◆ Required work ◆
Each line below from the one containing "ordered pair (x,y).\<close>" through the one containing "V. graph_deg E" should be output exactly as it stands, and no other line should appear.

◆ Task data ◆
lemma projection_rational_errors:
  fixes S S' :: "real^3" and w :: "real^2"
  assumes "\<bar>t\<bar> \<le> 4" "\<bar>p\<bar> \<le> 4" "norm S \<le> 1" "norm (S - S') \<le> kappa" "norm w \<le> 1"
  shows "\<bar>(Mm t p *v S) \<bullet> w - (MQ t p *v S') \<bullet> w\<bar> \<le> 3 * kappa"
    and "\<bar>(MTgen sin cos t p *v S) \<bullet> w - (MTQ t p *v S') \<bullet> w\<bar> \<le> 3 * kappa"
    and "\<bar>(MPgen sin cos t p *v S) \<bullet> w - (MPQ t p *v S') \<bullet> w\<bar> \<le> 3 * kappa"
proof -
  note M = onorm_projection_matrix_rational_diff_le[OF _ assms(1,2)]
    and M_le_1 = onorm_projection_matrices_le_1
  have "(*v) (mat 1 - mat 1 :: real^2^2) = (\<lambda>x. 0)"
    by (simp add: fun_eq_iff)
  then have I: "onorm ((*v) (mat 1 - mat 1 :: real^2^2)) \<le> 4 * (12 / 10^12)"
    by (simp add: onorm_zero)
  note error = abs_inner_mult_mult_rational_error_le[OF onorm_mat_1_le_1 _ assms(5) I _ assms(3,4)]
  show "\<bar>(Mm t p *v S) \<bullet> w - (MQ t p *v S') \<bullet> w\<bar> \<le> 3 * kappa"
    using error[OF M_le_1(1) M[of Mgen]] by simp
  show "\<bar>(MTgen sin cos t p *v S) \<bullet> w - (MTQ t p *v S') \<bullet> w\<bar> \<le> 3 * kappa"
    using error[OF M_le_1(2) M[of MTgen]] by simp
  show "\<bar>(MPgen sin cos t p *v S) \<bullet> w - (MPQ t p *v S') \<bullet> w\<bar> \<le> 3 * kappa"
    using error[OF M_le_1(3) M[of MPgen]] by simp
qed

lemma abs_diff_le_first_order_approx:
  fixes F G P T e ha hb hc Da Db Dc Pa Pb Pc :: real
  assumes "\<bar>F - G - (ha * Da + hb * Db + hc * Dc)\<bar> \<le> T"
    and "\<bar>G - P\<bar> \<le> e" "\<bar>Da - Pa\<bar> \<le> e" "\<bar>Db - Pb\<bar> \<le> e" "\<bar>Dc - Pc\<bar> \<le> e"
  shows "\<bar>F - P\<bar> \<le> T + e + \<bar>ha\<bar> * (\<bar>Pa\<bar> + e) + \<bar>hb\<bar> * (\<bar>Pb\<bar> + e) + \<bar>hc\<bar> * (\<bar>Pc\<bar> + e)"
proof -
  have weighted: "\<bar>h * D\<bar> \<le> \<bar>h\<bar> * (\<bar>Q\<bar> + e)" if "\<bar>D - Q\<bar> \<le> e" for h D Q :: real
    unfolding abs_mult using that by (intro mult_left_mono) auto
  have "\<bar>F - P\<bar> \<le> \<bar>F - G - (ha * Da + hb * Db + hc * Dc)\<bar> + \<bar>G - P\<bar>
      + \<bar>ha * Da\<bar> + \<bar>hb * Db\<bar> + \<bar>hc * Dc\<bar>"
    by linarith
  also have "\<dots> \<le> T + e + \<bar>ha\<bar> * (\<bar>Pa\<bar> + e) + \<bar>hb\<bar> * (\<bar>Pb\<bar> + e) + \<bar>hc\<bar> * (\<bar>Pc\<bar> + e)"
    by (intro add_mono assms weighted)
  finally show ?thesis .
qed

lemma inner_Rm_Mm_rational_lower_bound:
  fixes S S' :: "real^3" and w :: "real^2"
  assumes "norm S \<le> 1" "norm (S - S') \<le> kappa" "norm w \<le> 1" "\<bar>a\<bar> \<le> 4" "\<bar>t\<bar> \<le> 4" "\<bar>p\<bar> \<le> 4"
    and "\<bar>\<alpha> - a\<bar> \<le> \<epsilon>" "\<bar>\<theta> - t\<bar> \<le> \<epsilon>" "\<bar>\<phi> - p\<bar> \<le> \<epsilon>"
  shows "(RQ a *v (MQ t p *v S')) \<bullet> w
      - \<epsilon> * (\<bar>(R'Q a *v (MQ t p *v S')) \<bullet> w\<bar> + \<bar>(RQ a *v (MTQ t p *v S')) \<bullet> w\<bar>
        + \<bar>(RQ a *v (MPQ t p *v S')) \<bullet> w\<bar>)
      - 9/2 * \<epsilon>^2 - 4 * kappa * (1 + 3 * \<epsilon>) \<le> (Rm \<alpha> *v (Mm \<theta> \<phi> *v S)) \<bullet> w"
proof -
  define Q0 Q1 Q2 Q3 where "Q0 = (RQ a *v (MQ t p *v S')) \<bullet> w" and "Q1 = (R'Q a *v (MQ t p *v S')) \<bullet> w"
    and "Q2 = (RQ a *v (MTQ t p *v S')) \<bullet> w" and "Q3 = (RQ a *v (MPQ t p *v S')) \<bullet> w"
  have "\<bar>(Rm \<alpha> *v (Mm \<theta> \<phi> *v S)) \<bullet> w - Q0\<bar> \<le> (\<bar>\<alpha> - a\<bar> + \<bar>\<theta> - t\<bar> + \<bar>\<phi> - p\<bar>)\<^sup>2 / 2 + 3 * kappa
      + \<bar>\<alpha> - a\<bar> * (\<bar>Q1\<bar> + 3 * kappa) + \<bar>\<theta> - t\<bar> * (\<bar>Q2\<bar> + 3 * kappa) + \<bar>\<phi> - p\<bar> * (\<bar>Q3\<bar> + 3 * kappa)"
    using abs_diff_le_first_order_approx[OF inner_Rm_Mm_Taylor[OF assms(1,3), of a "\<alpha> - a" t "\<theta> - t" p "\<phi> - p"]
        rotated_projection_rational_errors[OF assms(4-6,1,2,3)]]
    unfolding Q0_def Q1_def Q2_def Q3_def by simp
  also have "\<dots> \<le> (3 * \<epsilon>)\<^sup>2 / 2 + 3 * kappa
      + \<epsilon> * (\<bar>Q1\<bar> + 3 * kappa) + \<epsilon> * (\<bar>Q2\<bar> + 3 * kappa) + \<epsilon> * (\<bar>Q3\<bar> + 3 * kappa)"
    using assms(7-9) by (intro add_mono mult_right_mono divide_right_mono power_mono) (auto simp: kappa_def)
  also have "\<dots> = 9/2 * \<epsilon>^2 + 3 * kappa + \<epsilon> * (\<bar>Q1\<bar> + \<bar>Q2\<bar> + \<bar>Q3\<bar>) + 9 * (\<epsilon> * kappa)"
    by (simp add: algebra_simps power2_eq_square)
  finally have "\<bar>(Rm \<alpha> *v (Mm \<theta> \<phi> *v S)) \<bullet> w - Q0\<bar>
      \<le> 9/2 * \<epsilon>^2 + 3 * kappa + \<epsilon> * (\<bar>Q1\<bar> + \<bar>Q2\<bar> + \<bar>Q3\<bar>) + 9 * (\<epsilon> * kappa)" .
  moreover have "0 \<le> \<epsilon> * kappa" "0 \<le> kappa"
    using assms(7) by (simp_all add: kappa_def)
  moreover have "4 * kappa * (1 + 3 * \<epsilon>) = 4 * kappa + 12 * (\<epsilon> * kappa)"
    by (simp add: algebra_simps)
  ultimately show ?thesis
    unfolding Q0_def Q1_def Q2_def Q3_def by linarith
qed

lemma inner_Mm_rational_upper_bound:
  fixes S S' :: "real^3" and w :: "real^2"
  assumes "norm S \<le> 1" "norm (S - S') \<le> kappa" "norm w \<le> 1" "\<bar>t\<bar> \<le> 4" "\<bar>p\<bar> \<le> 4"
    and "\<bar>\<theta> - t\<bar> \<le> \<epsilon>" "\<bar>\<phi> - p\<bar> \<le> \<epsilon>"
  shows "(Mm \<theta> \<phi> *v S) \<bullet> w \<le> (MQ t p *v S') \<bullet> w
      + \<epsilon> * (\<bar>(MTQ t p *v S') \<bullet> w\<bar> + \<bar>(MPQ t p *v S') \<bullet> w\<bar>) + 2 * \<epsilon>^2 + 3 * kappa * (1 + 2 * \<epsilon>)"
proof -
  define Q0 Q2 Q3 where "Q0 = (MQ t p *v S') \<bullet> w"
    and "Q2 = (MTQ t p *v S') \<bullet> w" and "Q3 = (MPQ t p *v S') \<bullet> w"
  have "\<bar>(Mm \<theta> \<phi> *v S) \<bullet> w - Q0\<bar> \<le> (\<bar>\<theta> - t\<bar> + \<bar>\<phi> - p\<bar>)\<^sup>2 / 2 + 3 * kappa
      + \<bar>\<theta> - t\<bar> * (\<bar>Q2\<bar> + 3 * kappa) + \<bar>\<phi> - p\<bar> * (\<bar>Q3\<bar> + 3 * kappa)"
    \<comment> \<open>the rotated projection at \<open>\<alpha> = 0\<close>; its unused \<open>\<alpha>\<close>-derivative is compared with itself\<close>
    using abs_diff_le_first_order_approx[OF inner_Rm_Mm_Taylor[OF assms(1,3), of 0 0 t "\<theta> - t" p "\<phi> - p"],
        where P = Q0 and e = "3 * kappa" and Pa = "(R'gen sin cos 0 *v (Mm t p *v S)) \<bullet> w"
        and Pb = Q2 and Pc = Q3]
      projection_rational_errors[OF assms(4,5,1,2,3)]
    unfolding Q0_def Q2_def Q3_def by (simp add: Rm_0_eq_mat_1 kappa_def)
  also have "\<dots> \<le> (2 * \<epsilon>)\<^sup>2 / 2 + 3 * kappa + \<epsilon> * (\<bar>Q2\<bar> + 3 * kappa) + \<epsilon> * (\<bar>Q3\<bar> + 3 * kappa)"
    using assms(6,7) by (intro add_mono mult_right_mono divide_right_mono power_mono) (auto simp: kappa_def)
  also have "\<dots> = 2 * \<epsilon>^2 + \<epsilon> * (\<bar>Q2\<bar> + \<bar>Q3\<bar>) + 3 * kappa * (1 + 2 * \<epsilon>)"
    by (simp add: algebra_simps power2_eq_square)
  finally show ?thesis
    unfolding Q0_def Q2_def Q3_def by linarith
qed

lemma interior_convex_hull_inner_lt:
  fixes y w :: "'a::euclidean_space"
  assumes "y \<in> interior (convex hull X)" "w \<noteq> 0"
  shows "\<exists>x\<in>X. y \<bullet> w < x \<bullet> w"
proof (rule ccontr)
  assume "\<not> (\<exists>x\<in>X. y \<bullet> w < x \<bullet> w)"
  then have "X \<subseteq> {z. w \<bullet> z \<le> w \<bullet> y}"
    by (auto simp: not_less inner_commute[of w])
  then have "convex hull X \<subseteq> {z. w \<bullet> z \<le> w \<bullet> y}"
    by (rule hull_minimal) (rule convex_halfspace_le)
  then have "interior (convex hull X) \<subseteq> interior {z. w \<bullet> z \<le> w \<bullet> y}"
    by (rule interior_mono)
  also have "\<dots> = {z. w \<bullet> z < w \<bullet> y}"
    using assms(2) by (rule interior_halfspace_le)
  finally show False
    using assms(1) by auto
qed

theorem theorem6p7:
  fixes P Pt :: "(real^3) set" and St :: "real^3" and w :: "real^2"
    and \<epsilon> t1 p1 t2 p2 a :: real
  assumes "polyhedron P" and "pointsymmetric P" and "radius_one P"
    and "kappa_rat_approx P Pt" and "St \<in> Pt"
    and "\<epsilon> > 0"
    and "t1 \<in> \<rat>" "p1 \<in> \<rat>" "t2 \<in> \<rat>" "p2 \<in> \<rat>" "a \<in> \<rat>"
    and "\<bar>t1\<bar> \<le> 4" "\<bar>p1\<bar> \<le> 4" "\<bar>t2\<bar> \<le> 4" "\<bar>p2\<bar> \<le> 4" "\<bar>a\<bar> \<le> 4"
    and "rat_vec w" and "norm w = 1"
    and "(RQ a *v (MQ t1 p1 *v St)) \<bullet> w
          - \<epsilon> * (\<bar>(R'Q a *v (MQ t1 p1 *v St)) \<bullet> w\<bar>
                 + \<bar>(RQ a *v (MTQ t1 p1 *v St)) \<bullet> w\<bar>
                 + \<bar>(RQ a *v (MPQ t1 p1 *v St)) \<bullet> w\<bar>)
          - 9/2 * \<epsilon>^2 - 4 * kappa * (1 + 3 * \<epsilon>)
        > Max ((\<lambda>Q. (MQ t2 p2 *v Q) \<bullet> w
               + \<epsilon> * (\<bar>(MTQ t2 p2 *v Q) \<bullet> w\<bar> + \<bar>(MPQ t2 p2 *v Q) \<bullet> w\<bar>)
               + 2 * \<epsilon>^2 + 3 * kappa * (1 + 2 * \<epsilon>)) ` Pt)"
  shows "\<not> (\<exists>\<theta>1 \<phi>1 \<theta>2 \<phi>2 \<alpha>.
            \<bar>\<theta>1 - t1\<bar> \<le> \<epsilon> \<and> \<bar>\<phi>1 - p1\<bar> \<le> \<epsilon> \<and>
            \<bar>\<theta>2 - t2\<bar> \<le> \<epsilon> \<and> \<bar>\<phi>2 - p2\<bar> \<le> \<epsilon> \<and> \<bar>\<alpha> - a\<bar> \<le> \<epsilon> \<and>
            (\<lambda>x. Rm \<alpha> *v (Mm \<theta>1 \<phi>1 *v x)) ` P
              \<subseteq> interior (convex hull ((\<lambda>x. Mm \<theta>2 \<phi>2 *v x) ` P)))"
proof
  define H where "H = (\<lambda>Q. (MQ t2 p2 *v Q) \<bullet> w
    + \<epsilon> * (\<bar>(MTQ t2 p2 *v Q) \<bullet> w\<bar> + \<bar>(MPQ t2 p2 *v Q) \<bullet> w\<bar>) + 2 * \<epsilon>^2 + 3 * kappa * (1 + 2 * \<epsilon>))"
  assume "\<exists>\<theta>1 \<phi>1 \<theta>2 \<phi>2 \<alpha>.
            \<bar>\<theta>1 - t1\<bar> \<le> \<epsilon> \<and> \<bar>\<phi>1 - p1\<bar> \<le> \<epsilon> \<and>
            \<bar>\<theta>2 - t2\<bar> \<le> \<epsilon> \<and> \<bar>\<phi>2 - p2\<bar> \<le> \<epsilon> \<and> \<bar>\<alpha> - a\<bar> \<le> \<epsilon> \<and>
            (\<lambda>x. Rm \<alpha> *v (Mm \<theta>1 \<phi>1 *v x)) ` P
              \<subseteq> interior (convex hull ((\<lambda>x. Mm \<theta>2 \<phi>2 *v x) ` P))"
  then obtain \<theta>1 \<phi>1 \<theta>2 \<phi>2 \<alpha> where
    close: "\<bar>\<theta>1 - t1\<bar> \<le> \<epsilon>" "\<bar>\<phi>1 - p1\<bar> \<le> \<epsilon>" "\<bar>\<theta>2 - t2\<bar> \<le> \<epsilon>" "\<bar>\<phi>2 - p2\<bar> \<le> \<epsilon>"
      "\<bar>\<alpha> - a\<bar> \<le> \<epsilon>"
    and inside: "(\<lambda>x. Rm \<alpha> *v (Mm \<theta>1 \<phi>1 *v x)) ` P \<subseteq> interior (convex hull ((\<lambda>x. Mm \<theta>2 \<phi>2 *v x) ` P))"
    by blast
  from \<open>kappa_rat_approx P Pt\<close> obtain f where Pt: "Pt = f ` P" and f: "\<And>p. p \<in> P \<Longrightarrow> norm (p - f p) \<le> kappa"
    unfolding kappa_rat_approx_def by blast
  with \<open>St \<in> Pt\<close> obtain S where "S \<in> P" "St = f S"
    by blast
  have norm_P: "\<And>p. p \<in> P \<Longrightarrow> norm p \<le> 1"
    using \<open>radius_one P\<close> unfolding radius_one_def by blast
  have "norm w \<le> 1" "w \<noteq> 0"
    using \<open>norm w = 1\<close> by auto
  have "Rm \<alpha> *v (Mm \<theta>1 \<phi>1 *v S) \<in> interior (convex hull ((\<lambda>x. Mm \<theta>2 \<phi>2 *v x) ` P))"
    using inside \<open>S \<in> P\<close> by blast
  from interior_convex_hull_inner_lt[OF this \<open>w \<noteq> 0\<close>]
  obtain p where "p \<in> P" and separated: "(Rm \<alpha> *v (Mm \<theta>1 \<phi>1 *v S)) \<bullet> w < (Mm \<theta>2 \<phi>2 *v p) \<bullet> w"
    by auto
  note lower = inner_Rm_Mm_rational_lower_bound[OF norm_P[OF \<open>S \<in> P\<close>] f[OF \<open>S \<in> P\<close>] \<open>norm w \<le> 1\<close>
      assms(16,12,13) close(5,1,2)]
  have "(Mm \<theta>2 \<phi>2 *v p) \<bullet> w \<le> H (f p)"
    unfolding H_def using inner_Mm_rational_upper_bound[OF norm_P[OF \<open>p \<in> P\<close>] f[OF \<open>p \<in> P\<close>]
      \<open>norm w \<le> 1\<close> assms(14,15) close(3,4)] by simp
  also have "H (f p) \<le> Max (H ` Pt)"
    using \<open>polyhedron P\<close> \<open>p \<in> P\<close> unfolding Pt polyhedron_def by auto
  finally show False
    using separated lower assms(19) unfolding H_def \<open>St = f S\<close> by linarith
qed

...

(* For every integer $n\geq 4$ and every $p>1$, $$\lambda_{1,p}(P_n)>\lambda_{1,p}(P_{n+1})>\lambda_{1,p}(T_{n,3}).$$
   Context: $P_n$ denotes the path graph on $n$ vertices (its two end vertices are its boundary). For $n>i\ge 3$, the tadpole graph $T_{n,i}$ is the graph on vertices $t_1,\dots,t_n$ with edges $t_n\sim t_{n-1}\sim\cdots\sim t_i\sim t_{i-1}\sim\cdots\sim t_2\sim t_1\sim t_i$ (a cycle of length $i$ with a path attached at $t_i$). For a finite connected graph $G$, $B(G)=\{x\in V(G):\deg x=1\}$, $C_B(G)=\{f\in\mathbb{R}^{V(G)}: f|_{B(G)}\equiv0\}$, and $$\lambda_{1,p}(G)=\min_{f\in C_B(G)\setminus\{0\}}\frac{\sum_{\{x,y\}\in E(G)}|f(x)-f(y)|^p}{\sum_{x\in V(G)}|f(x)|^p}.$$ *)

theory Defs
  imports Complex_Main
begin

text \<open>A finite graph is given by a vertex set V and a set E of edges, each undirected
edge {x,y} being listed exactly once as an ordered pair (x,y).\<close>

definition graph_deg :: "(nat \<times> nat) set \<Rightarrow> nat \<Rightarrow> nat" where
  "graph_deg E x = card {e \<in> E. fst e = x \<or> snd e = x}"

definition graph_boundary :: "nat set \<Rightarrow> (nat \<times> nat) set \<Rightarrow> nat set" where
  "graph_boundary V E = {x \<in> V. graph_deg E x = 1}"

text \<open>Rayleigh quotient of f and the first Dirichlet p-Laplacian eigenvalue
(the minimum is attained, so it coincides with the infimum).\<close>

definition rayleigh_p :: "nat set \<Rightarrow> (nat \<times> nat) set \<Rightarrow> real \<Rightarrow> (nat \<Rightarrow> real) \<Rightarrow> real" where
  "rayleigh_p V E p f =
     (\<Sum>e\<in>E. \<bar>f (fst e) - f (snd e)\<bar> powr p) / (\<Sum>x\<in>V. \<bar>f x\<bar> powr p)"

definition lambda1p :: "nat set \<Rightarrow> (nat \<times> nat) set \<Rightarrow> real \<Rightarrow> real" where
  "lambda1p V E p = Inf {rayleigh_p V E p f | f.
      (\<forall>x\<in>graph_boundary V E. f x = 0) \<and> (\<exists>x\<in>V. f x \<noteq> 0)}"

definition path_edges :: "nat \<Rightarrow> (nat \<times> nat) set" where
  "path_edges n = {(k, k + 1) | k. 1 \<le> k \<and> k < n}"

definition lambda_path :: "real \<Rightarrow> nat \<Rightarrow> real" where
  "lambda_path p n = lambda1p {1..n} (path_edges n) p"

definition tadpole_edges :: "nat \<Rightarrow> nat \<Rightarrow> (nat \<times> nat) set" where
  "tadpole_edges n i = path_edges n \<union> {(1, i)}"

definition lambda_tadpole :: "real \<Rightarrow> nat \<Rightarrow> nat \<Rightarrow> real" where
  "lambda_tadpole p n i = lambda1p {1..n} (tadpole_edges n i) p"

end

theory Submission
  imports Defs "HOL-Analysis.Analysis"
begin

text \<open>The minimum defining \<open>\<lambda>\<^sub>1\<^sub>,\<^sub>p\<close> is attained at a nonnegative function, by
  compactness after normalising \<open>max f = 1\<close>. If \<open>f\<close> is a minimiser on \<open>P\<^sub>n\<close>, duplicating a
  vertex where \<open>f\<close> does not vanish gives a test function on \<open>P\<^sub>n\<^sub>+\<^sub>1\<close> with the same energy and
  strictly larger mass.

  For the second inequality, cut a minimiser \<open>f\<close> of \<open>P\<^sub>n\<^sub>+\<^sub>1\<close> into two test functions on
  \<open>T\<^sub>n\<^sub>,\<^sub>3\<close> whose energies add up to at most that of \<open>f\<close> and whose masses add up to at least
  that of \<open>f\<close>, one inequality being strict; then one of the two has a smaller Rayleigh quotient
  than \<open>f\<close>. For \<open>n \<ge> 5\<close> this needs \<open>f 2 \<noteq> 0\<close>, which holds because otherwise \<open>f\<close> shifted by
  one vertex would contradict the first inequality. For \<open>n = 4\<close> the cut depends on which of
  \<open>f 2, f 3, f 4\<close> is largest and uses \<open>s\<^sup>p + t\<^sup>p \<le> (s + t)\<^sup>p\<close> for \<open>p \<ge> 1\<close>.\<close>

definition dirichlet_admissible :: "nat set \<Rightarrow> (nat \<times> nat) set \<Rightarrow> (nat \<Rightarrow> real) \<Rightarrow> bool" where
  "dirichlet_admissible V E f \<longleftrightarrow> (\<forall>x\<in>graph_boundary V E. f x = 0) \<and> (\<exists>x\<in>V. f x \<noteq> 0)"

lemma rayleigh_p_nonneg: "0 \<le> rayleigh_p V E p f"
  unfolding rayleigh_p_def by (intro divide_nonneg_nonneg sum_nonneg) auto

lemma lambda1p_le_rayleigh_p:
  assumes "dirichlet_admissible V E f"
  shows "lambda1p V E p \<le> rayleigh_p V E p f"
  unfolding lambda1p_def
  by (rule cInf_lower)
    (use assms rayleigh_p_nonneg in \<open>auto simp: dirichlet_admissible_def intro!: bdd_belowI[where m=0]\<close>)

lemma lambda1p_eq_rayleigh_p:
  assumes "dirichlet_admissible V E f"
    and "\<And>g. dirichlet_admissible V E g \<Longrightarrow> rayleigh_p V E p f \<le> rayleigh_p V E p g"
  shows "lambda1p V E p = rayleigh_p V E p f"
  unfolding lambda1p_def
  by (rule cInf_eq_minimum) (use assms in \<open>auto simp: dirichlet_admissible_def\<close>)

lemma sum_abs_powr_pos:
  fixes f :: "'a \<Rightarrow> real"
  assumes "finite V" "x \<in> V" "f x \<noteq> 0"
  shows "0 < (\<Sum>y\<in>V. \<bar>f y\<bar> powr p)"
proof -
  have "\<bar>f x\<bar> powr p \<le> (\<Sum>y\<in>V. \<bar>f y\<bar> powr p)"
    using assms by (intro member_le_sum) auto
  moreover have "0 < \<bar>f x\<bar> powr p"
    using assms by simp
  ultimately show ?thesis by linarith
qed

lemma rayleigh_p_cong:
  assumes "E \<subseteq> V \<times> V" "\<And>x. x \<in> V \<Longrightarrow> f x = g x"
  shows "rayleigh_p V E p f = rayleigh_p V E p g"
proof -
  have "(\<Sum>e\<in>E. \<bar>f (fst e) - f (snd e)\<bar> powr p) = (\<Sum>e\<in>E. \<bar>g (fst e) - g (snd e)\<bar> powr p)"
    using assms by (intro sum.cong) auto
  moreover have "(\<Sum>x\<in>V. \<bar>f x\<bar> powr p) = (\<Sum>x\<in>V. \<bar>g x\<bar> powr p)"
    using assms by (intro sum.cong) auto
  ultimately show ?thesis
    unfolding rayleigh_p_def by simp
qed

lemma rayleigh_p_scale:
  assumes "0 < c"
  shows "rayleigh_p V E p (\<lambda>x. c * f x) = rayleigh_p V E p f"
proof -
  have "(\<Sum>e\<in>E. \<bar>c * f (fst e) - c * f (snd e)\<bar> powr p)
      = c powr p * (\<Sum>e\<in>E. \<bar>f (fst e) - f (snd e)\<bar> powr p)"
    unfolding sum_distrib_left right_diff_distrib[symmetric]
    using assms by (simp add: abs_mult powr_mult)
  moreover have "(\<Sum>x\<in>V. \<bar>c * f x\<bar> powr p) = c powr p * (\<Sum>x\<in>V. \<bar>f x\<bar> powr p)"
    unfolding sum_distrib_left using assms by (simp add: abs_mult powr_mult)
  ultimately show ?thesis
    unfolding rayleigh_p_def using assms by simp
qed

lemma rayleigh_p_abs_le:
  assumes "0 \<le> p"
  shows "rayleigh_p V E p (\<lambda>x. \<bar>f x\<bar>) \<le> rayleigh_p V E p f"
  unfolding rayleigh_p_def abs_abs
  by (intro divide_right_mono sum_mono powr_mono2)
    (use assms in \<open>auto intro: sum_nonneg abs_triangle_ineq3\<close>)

◆ Solution to this task ◆
edge {x,y} being listed exactly once as an ordered pair (x,y).\<close>

definition graph_deg :: "(nat \<times> nat) set \<Rightarrow> nat \<Rightarrow> nat" where
  "graph_deg E x = card {e \<in> E. fst e = x \<or> snd e = x}"

definition graph_boundary :: "nat set \<Rightarrow> (nat \<times> nat) set \<Rightarrow> nat set" where
  "graph_boundary V E = {x \<in> V. graph_deg E x = 1}"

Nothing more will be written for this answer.